Praisaniyakarn, written as Praisaneeyakan (; lit: Post Office Building) is the original location of the Post Department, which was Thailand’s first postal office. The office stood on the eastern bank of Chao Phraya River, at the mouth of Khlong Ong Ang (Ong Ang Canal) in Phra Nakhon side near the area of Pak Khlong Talat, right on the south of Memorial Bridge.  It is a three-storey striking white Western-style building.

Previously being spelled in Thai in another way, "Praisaniyakarn"  (ไปรสะนียาคาร) building was built in 1871 as the residence of Phra Preecha Kolakan (Samang Amatayakul), the former governor of Prachinburi, eastern Siam (former name of Thailand) who was later charged with treason for the corruption in the operation of a gold mine in Kabin Buri. Phra Preecha Kolakan was executed  on November 24, 1879 and his assets were seized.

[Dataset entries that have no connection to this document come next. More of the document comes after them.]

(* A Boolean set $p\colon X\to B$ has binary meets (i.e. $x\wedge y$ exists in $(X,\le)$ for all $x,y$) if and only if the total space $X^{\ast}$ of its dual étalé space $\widetilde p\colon X^{\ast}\to B^{\ast}$ is Hausdorff.
   Context: Convention: a "Boolean algebra" means a generalized Boolean algebra (relatively complemented distributive lattice with $0$). Boolean set: a presheaf of sets $p\colon X\to B$ over a Boolean algebra $B$ (pairwise disjoint $X_e$, restriction maps $x\mapsto x|^e_f$ for $e\ge f$ with $|^e_e=\mathrm{id}$, $(x|^e_f)|^f_g=x|^e_g$) with all $X_e\ne\emptyset$, such that under the order $x\le y$ iff $p(x)\le p(y)$ and $x=y|^{p(y)}_{p(x)}$ there is a least element $0$, compatible pairs ($x\wedge y$ exists and $p(x\wedge y)=p(x)\wedge p(y)$) have joins, and $p(x)=0\Rightarrow x=0$. Dual étalé space: $X^{\ast}$ is the set of ultrafilters (maximal proper non-empty down-directed upward-closed subsets) of $(X,\le)$ with topology generated by $L(a)=\{G\in X^{\ast}: a\in G\}$, $a\in X$; $B^{\ast}$ the set of ultrafilters of $B$ with basis $M(b)=\{F: b\in F\}$; $\widetilde p(G)=p(G)$. *)

theory Defs
  imports "HOL-Analysis.Analysis"
begin

definition gen_boolean_algebra :: "'b::{distrib_lattice,bounded_lattice_bot} itself \<Rightarrow> bool" where
  "gen_boolean_algebra _ \<longleftrightarrow>
     (\<forall>a b c::'b. a \<le> b \<and> b \<le> c \<longrightarrow> (\<exists>d. inf b d = a \<and> sup b d = c))"

text \<open>Presheaf data: carrier X, projection p, restriction maps res e f x = x|^e_f.\<close>
definition bleq :: "('x \<Rightarrow> 'b::order) \<Rightarrow> ('b \<Rightarrow> 'b \<Rightarrow> 'x \<Rightarrow> 'x) \<Rightarrow> 'x \<Rightarrow> 'x \<Rightarrow> bool" where
  "bleq p res x y \<longleftrightarrow> p x \<le> p y \<and> x = res (p y) (p x) y"

definition is_meet :: "'x set \<Rightarrow> ('x \<Rightarrow> 'x \<Rightarrow> bool) \<Rightarrow> 'x \<Rightarrow> 'x \<Rightarrow> 'x \<Rightarrow> bool" where
  "is_meet X le x y m \<longleftrightarrow> m \<in> X \<and> le m x \<and> le m y \<and>
     (\<forall>z\<in>X. le z x \<and> le z y \<longrightarrow> le z m)"

definition is_join :: "'x set \<Rightarrow> ('x \<Rightarrow> 'x \<Rightarrow> bool) \<Rightarrow> 'x \<Rightarrow> 'x \<Rightarrow> 'x \<Rightarrow> bool" where
  "is_join X le x y j \<longleftrightarrow> j \<in> X \<and> le x j \<and> le y j \<and>
     (\<forall>z\<in>X. le x z \<and> le y z \<longrightarrow> le j z)"

definition is_least :: "'x set \<Rightarrow> ('x \<Rightarrow> 'x \<Rightarrow> bool) \<Rightarrow> 'x \<Rightarrow> bool" where
  "is_least X le z \<longleftrightarrow> z \<in> X \<and> (\<forall>x\<in>X. le z x)"

definition boolean_set ::
  "'x set \<Rightarrow> ('x \<Rightarrow> 'b::{distrib_lattice,bounded_lattice_bot}) \<Rightarrow> ('b \<Rightarrow> 'b \<Rightarrow> 'x \<Rightarrow> 'x) \<Rightarrow> bool" where
  "boolean_set X p res \<longleftrightarrow>
     gen_boolean_algebra TYPE('b) \<and>
     \<comment> \<open>presheaf over B with fibres X_e = {x \<in> X. p x = e}\<close>
     (\<forall>e f x. f \<le> e \<and> x \<in> X \<and> p x = e \<longrightarrow> res e f x \<in> X \<and> p (res e f x) = f) \<and>
     (\<forall>e x. x \<in> X \<and> p x = e \<longrightarrow> res e e x = x) \<and>
     (\<forall>e f g x. g \<le> f \<and> f \<le> e \<and> x \<in> X \<and> p x = e \<longrightarrow> res f g (res e f x) = res e g x) \<and>
     \<comment> \<open>all fibres nonempty\<close>
     (\<forall>e. \<exists>x\<in>X. p x = e) \<and>
     \<comment> \<open>least element\<close>
     (\<exists>z. is_least X (bleq p res) z) \<and>
     \<comment> \<open>compatible pairs have joins\<close>
     (\<forall>x\<in>X. \<forall>y\<in>X. (\<exists>m. is_meet X (bleq p res) x y m \<and> p m = inf (p x) (p y))
         \<longrightarrow> (\<exists>j. is_join X (bleq p res) x y j)) \<and>
     \<comment> \<open>p x = 0 implies x = 0\<close>
     (\<forall>x\<in>X. p x = bot \<longrightarrow> is_least X (bleq p res) x)"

King Chulalongkorn (Rama V) had borne the divine kindness in the establishment of the Thai postal service on August 4, 1883. Prince Bhanurangsi Savangwongse chaired the first director-general of the Post and Telegraph Department and had used the residence of Phra Preecha Kolakan as the postal office by naming it "Praisaniyakarn".

In the revolution of 1932, Praisaniyakarn was the first target that the People’s Party (Khana Ratsadon) had eyed to seize as it was the communication hub in which telegramming and phoning system must be cut off. The mission was led by the civil faction of the People’s Party, comprising Khuang Abhaiwongse and Prayoon Pamornmontri, the latter who previously worked here before and knew well of inside movements. Guarded by a few members of the navy faction of the People’s Party, the seizure and communication suspensions had to start by 4:00 a.m. and must be complete no later than 5:00 a.m. to prevent suspicion of outsiders. Despite the success of the People’s Party, one staff fled and reported to the police at Chakkrawat Police Station nearby. Then Police Lieutenant General Phraya Athikarnprakat (Loui Chatikavanij) who served as director-general of Police Department, hastened to Bangkhunphrom Palace to report the situation to Fleet Admiral Paribatra Sukhumbandhu, Prince of Nakhon Sawan, who served as the regent.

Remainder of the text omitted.